(SOURCE MATERIAL)
lemma dil_dil: "s > 0 \<Longrightarrow> t > 0 \<Longrightarrow> dil v s (dil v t x) = dil v (s * t) x"
  by (rule euclidean_eqI) (simp add: dil_inner powr_mult)

lemma dil_one [simp]: "dil v 1 x = x"
  by (rule euclidean_eqI) (simp add: dil_inner)

lemma dil_zero [simp]: "dil v 0 x = 0"
  by (rule euclidean_eqI) (simp add: dil_inner)

lemma continuous_on_dil: "continuous_on UNIV (dil v t)"
  unfolding dil_def by (intro continuous_intros)

lemma continuous_on_dil_parameter:
  assumes "\<And>b. b \<in> Basis \<Longrightarrow> 1 \<le> v b"
  shows "continuous_on {0..1} (\<lambda>t. dil v t x)"
  unfolding dil_def
  using assms by (intro continuous_intros continuous_on_powr' continuous_on_id) force+

context
  fixes gm :: "'a::euclidean_space \<Rightarrow> 'a \<Rightarrow> 'a" and v :: "'a \<Rightarrow> real"
    and nrm :: "'a \<Rightarrow> real" and \<gamma> :: real
  assumes hg: "homogeneous_group gm v" and hq: "hom_quasi_norm gm v nrm \<gamma>"
begin

lemma continuous_on_quasi_norm: "continuous_on UNIV nrm"
  and quasi_norm_nonneg: "0 \<le> nrm x"
  and quasi_norm_uminus: "nrm (- x) = nrm x"
  and quasi_norm_dil: "t > 0 \<Longrightarrow> nrm (dil v t x) = t * nrm x"
  and quasi_norm_eq_0_iff: "nrm x = 0 \<longleftrightarrow> x = 0"
  and quasi_norm_constant_ge_1: "1 \<le> \<gamma>"
  and quasi_norm_triangle: "nrm (gm x y) \<le> \<gamma> * (nrm x + nrm y)"
  using hq unfolding hom_quasi_norm_def by auto

text \<open>The minimum of \<open>nrm\<close> on the Euclidean unit sphere is positive, and every point with
  Euclidean norm at least \<open>1\<close> is dilated onto that sphere by some \<open>t \<le> 1\<close>.\<close>

lemma quasi_norm_small_imp_norm_less_1: "\<exists>m>0. \<forall>x. nrm x < m \<longrightarrow> norm x < 1"
proof -
  obtain b :: 'a where "b \<in> Basis" using nonempty_Basis by blast
  then have "sphere (0::'a) 1 \<noteq> {}" by (metis empty_iff mem_sphere_0 norm_Basis)
  then obtain x0 where x0: "x0 \<in> sphere (0::'a) 1" and min: "\<forall>y\<in>sphere 0 1. nrm x0 \<le> nrm y"
    using continuous_attains_inf[OF compact_sphere _ continuous_on_subset[OF continuous_on_quasi_norm]]
    by blast
  have pos: "nrm x0 > 0"
    using x0 quasi_norm_nonneg[of x0] quasi_norm_eq_0_iff[of x0] by fastforce
  have "norm x < 1" if small: "nrm x < nrm x0" for x
  proof (rule ccontr)
    assume "\<not> norm x < 1"
    moreover have "continuous_on {0..1} (\<lambda>t. norm (dil v t x))"
      by (intro continuous_on_norm continuous_on_dil_parameter hom_group_weights_ge_1[OF hg])
    ultimately obtain t where t: "0 \<le> t" "t \<le> 1" "norm (dil v t x) = 1"
      using IVT'[of "\<lambda>t. norm (dil v t x)" 0 1 1] by auto
    then have "t > 0" by (metis dil_zero norm_zero order_le_less zero_neq_one)
    have "nrm x0 \<le> nrm (dil v t x)" using min t by simp
    also have "\<dots> = t * nrm x" using quasi_norm_dil[OF \<open>t > 0\<close>] .
    also have "\<dots> \<le> nrm x" using t quasi_norm_nonneg[of x] by (simp add: mult_left_le_one_le)
    finally show False using small by simp
  qed
  with pos show ?thesis by blast
qed

lemma quasi_norm_sublevel_compact: "r > 0 \<Longrightarrow> \<exists>K. compact K \<and> {x. nrm x < r} \<subseteq> K"
proof -
  assume r: "r > 0"
  obtain m where m: "m > 0" "\<forall>x. nrm x < m \<longrightarrow> norm x < 1"
    using quasi_norm_small_imp_norm_less_1 by blast
  have "{x. nrm x < r} \<subseteq> dil v (r / m) ` cball 0 1"
  proof
    fix x assume "x \<in> {x. nrm x < r}"
    then have "nrm (dil v (m / r) x) < m"
      using quasi_norm_dil[of "m / r" x] m r by (simp add: divide_less_eq mult_strict_left_mono)
    then have "dil v (m / r) x \<in> cball 0 1" using m by fastforce
    moreover have "x = dil v (r / m) (dil v (m / r) x)" using m r by (simp add: dil_dil)
    ultimately show "x \<in> dil v (r / m) ` cball 0 1" by blast
  qed
  moreover have "compact (dil v (r / m) ` cball 0 1)"
    by (rule compact_continuous_image[OF continuous_on_subset[OF continuous_on_dil] compact_cball])
      simp
  ultimately show ?thesis by blast
qed

lemma qball_subset_compact: "\<exists>K. compact K \<and> qball gm nrm r c \<subseteq> K"
proof (cases "r > 0")
  case False
  then have "qball gm nrm r c = {}"
    using quasi_norm_nonneg unfolding qball_def by (auto simp: not_less intro: order.trans)
  then show ?thesis by blast
next
  case True
  then obtain K where K: "compact K" "{x. nrm x < r} \<subseteq> K"
    using quasi_norm_sublevel_compact by blast
  have "qball gm nrm r c \<subseteq> (\<lambda>w. gm c (- w)) ` K"
  proof
    fix y assume "y \<in> qball gm nrm r c"
    then have "gm (- y) c \<in> K" using K(2) unfolding qball_def by auto
    moreover have "y = gm c (- gm (- y) c)"
      by (simp add: hom_group_minus_mult[OF hg] hom_group_cancel[OF hg])
    ultimately show "y \<in> (\<lambda>w. gm c (- w)) ` K" by blast
  qed
  moreover have "compact ((\<lambda>w. gm c (- w)) ` K)"
    by (rule compact_continuous_image[OF continuous_on_subset K(1)])
      (auto intro: continuous_on_hom_group_translates(1)[OF hg])
  ultimately show ?thesis by blast
qed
(End SOURCE MATERIAL)
● WHAT YOU ARE ASKED TO DO
Looking at the records above, return exactly the lines from the line with "using hq unfolding" to the line with "empty_iff mem_sphere_0 norm_Basis)", both ends included.

● ANSWER BOX
  using hq unfolding hom_quasi_norm_def by auto

text \<open>The minimum of \<open>nrm\<close> on the Euclidean unit sphere is positive, and every point with
  Euclidean norm at least \<open>1\<close> is dilated onto that sphere by some \<open>t \<le> 1\<close>.\<close>

lemma quasi_norm_small_imp_norm_less_1: "\<exists>m>0. \<forall>x. nrm x < m \<longrightarrow> norm x < 1"
proof -
  obtain b :: 'a where "b \<in> Basis" using nonempty_Basis by blast
  then have "sphere (0::'a) 1 \<noteq> {}" by (metis empty_iff mem_sphere_0 norm_Basis)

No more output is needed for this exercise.